Matthew Hahn
Assistant Professor of Biology, IU Bloomington
As a computational biologist, Matthew Hahn is used to pulling meaning from dauntingly big mounds of biological data. Usually, though, Hahn's business is genes and genomes.

Chris Meyer
Matthew Hahn
A recent paper that he had published in the Public Library of Science: One -- an interactive open-access journal for the communication of all peer-reviewed scientific and medical research -- took a novel approach to discerning the genetic distance between humans and chimps by doing something other estimates do not do -- take into account genes lost from either lineage.
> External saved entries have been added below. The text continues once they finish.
(* Let $\beta=\beta(s)$ be a unit speed semi-real quaternionic curve in $\mathcal{Q}_v$ with non-zero curvatures $\kappa(s)$, $k(s)$ and $(r-\varepsilon_t\varepsilon_T\varepsilon_{N_1}\kappa)(s)$. Then $\beta$ is congruent to a semi-real quaternionic rectifying curve if and only if, for some $c\in\mathbb{R}$, $$\varepsilon_t\varepsilon_{n_1}\varepsilon_{N_1}\frac{\kappa(s)(r-\varepsilon_t\varepsilon_T\varepsilon_{N_1}\kappa)(s)\,(s+c)}{k(s)}+\varepsilon_t\varepsilon_{n_2}\varepsilon_{N_1}\left[\frac{\kappa(s)k(s)+(s+c)[\kappa'(s)k(s)-\kappa(s)k'(s)]}{k^2(s)(r-\varepsilon_t\varepsilon_T\varepsilon_{N_1}\kappa)(s)}\right]'=0.$$
   Context: $\mathcal{Q}_v$ denotes the semi-real quaternions, identified with the semi-Euclidean space $\mathbb{R}^4_2$ with inner product $h(p,q)=p_1q_1+p_2q_2-p_3q_3-p_4q_4$. A semi-real quaternionic curve $\beta:I\to\mathcal{Q}_v$ is unit speed (pseudo arc length $s$) if $T=\beta'$ satisfies $h(T,T)=\varepsilon_T=\pm1$. Its non-null Serret–Frenet frame $\{T,N_1,N_2,N_3\}$ satisfies $T'=\varepsilon_{N_1}\kappa N_1$, $N_1'=-\varepsilon_t\varepsilon_{N_1}\kappa T+\varepsilon_{n_1}kN_2$, $N_2'=-\varepsilon_t kN_1+\varepsilon_{n_1}(r-\varepsilon_t\varepsilon_T\varepsilon_{N_1}\kappa)N_3$, $N_3'=-\varepsilon_{n_2}(r-\varepsilon_t\varepsilon_T\varepsilon_{N_1}\kappa)N_2$, where $\kappa=\varepsilon_{N_1}\|T'\|$ is the principal curvature of $\beta$; $k$ and $r$ are the principal curvature and torsion of the associated semi-real spatial quaternionic curve $\alpha$ in $\mathbb{R}^3_1$ whose Frenet frame $\{\mathbf{t},\mathbf{n}_1,\mathbf{n}_2\}$ has signs $h(\mathbf{t},\mathbf{t})=\varepsilon_t$, $h(\mathbf{n}_1,\mathbf{n}_1)=\varepsilon_{n_1}$, $h(\mathbf{n}_2,\mathbf{n}_2)=\varepsilon_{n_2}$, related to $\beta$'s frame by $N_1=\varepsilon_T(\mathbf{t}\times T)$, $N_2=\varepsilon_T(\mathbf{n}_1\times T)$, $N_3=\varepsilon_T(\mathbf{n}_2\times T)$ ($\times$ the semi-real quaternion product); moreover $h(N_1,N_1)=\varepsilon_{N_1}$, $h(N_2,N_2)=\varepsilon_{n_1}\varepsilon_T$, $h(N_3,N_3)=\varepsilon_{n_2}\varepsilon_T$. Thus $k$ is the torsion and $r-\varepsilon_t\varepsilon_T\varepsilon_{N_1}\kappa$ the bitorsion of $\beta$. $\beta$ is a semi-real quaternionic rectifying curve if $\beta(s)=\lambda(s)T(s)+\mu(s)N_2(s)+\nu(s)N_3(s)$ for some differentiable functions $\lambda,\mu,\nu$; congruent means equal up to a rigid motion (here a translation). *)

theory Defs
  imports "HOL-Analysis.Analysis"
begin

text \<open>Semi-real quaternions are identified with the semi-Euclidean space R^4_2,
  modelled as real^4 with the indefinite inner product h of index 2.\<close>

definition sq_h :: "real^4 \<Rightarrow> real^4 \<Rightarrow> real" where
  "sq_h p q = p$1 * q$1 + p$2 * q$2 - p$3 * q$3 - p$4 * q$4"

definition sq_norm :: "real^4 \<Rightarrow> real" where
  "sq_norm p = sqrt \<bar>sq_h p p\<bar>"

definition sq_rectifying ::
  "real set \<Rightarrow> (real \<Rightarrow> real^4) \<Rightarrow> (real \<Rightarrow> real^4) \<Rightarrow> (real \<Rightarrow> real^4) \<Rightarrow> (real \<Rightarrow> real^4) \<Rightarrow> bool" where
  "sq_rectifying I gamma T N2 N3 \<longleftrightarrow>
     (\<exists>lam mu nu :: real \<Rightarrow> real.
        (\<forall>s\<in>I. lam differentiable (at s) \<and> mu differentiable (at s) \<and> nu differentiable (at s)) \<and>
        (\<forall>s\<in>I. gamma s = lam s *\<^sub>R T s + mu s *\<^sub>R N2 s + nu s *\<^sub>R N3 s))"

text \<open>Congruent (by a translation, which leaves the Frenet frame unchanged)
  to a rectifying curve.\<close>
definition sq_congruent_rectifying ::
  "real set \<Rightarrow> (real \<Rightarrow> real^4) \<Rightarrow> (real \<Rightarrow> real^4) \<Rightarrow> (real \<Rightarrow> real^4) \<Rightarrow> (real \<Rightarrow> real^4) \<Rightarrow> bool" where
  "sq_congruent_rectifying I beta T N2 N3 \<longleftrightarrow>
     (\<exists>a :: real^4. sq_rectifying I (\<lambda>s. beta s - a) T N2 N3)"

end

theory Submission
  imports Defs
begin

text \<open>Write b for the bitorsion r - et eT eN1 \<kappa>. Differentiating beta - a = \<lambda> T + \<mu> N2 + \<nu> N3
  with the Frenet equations and comparing coefficients in the h-orthogonal, non-degenerate frame
  turns the rectifying condition into the linear system \<lambda>' = 1, eN1 \<kappa> \<lambda> = et k \<mu>,
  \<mu>' = en2 b \<nu>, \<nu>' = - en1 b \<mu>; conversely, for any solution of this system the difference
  beta - (\<lambda> T + \<mu> N2 + \<nu> N3) has derivative zero and is therefore constant. The first two
  equations force \<lambda> = s + c and \<mu> = et eN1 \<kappa> (s + c) / k, the third then determines \<nu>,
  and the fourth is exactly the stated curvature condition.\<close>

lemma sq_h_commute: "sq_h x y = sq_h y x"
  by (simp add: sq_h_def algebra_simps)

lemma sq_h_add_left: "sq_h (x + y) z = sq_h x z + sq_h y z"
  by (simp add: sq_h_def algebra_simps)

lemma sq_h_scaleR_left: "sq_h (a *\<^sub>R x) z = a * sq_h x z"
  by (simp add: sq_h_def algebra_simps)

lemma sq_h_zero_left: "sq_h 0 z = 0"
  by (simp add: sq_h_def)

lemma sq_h_orthogonal_combination_eq_0:
  assumes orth: "sq_h A B = 0" "sq_h A C = 0" "sq_h A D = 0"
      "sq_h B C = 0" "sq_h B D = 0" "sq_h C D = 0"
    and nondeg: "sq_h A A \<noteq> 0" "sq_h B B \<noteq> 0" "sq_h C C \<noteq> 0" "sq_h D D \<noteq> 0"
    and comb: "a *\<^sub>R A + b *\<^sub>R B + c *\<^sub>R C + d *\<^sub>R D = 0"
  shows "a = 0 \<and> b = 0 \<and> c = 0 \<and> d = 0"
proof -
  have orth': "sq_h B A = 0" "sq_h C A = 0" "sq_h D A = 0"
      "sq_h C B = 0" "sq_h D B = 0" "sq_h D C = 0"
    using orth by (simp_all add: sq_h_commute)
  have "sq_h (a *\<^sub>R A + b *\<^sub>R B + c *\<^sub>R C + d *\<^sub>R D) X = 0" for X
    by (simp add: comb sq_h_zero_left)
  from this[of A] this[of B] this[of C] this[of D] show ?thesis
    using nondeg by (simp add: sq_h_add_left sq_h_scaleR_left orth orth')
qed

lemma exists_translate_eq_iff_has_vector_derivative:
  fixes f g :: "real \<Rightarrow> 'a::real_normed_vector"
  assumes I: "open I" "is_interval I"
    and f': "\<forall>s\<in>I. (f has_vector_derivative f' s) (at s)"
  shows "(\<exists>a. \<forall>s\<in>I. f s - a = g s) \<longleftrightarrow> (\<forall>s\<in>I. (g has_vector_derivative f' s) (at s))"
proof
  assume "\<exists>a. \<forall>s\<in>I. f s - a = g s"
  then obtain a where a: "\<forall>s\<in>I. f s - a = g s" by blast
  show "\<forall>s\<in>I. (g has_vector_derivative f' s) (at s)"
  proof
    fix s assume s: "s \<in> I"
    have "((\<lambda>u. f u - a) has_vector_derivative f' s) (at s)"
      using f' s by (auto intro!: derivative_eq_intros)
    then show "(g has_vector_derivative f' s) (at s)"
      by (rule has_vector_derivative_transform_within_open[OF _ I(1) s]) (use a in auto)
  qed
next
  assume g': "\<forall>s\<in>I. (g has_vector_derivative f' s) (at s)"
  have "\<exists>a. \<forall>s\<in>I. f s - g s = a"
  proof (rule has_derivative_zero_constant)
    show "convex I" using I(2) is_interval_convex_1 by blast
    fix s assume s: "s \<in> I"
    have "((\<lambda>u. f u - g u) has_vector_derivative f' s - f' s) (at s)"
      using f' g' s by (intro has_vector_derivative_diff) auto
    then show "((\<lambda>u. f u - g u) has_derivative (\<lambda>h. 0)) (at s within I)"
      by (auto simp: has_vector_derivative_def intro: has_derivative_at_withinI)
  qed
  then obtain a where "\<forall>s\<in>I. f s - g s = a" by blast
  then have "\<forall>s\<in>I. f s - a = g s" by auto
  then show "\<exists>a. \<forall>s\<in>I. f s - a = g s" by blast
qed

lemma frenet_combination_has_vector_derivative:
  fixes T N1 N2 N3 :: "real \<Rightarrow> 'a::real_normed_vector"
  assumes T': "(T has_vector_derivative (eN1 * \<kappa>) *\<^sub>R N1 s) (at s)"
    and N2': "(N2 has_vector_derivative (- et * k) *\<^sub>R N1 s + (en1 * b) *\<^sub>R N3 s) (at s)"
    and N3': "(N3 has_vector_derivative (- en2 * b) *\<^sub>R N2 s) (at s)"
    and lam': "(lam has_real_derivative lam') (at s)"
    and mu': "(mu has_real_derivative mu') (at s)"
    and nu': "(nu has_real_derivative nu') (at s)"
  shows "((\<lambda>u. lam u *\<^sub>R T u + mu u *\<^sub>R N2 u + nu u *\<^sub>R N3 u) has_vector_derivative
      lam' *\<^sub>R T s + (eN1 * \<kappa> * lam s - et * k * mu s) *\<^sub>R N1 s
      + (mu' - en2 * b * nu s) *\<^sub>R N2 s + (nu' + en1 * b * mu s) *\<^sub>R N3 s) (at s)"
proof (rule has_vector_derivative_eq_rhs)
  show "((\<lambda>u. lam u *\<^sub>R T u + mu u *\<^sub>R N2 u + nu u *\<^sub>R N3 u) has_vector_derivative
      lam s *\<^sub>R (eN1 * \<kappa>) *\<^sub>R N1 s + lam' *\<^sub>R T s
      + (mu s *\<^sub>R ((- et * k) *\<^sub>R N1 s + (en1 * b) *\<^sub>R N3 s) + mu' *\<^sub>R N2 s)
      + (nu s *\<^sub>R (- en2 * b) *\<^sub>R N2 s + nu' *\<^sub>R N3 s)) (at s)"
    by (intro has_vector_derivative_add has_vector_derivative_scaleR T' N2' N3' lam' mu' nu')
qed (simp add: algebra_simps)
Hahn suggests humans and chimps are really about six percent different, genetically speaking.
It may surprise readers of Hahn's past publications on population genetics and genomics to see "Drift as a mechanism for cultural change: An example from baby names." (Proceedings of the Royal Society London B, Biology Letters, 2003).
Hahn and University College London sociologist Alexander Bentley applied genetics and evolutionary principles to 20th- century American baby names and found the popularity of certain names is random. "Many people think names get popular because someone famous had that name," Hahn said. "That's hardly ever true."
Instead, Hahn said, it is far more likely the famous person -- Britney Spears, for example -- was born during a particular name's upsurge in popularity.
"I don't actually believe parents choose their kids' names randomly," Hahn said. "But if you look at the whole population, there's a randomness associated with which names become popular. Why 'John'? Why 'Jennifer'? Those names don't hold any intrinsic meaning."
Hahn's occasional dalliances into the world beyond genetics and genomics reinforce a theme that manifests in his formal projects.
Humans like to ascribe meaning to things," said Hahn. "But I don't think we have a really good grasp of just how important randomness is. As strange as this sounds, random chance is a huge force in biology -- and life in general."
Oh, and in case you were wondering, Hahn named his son, Tristan.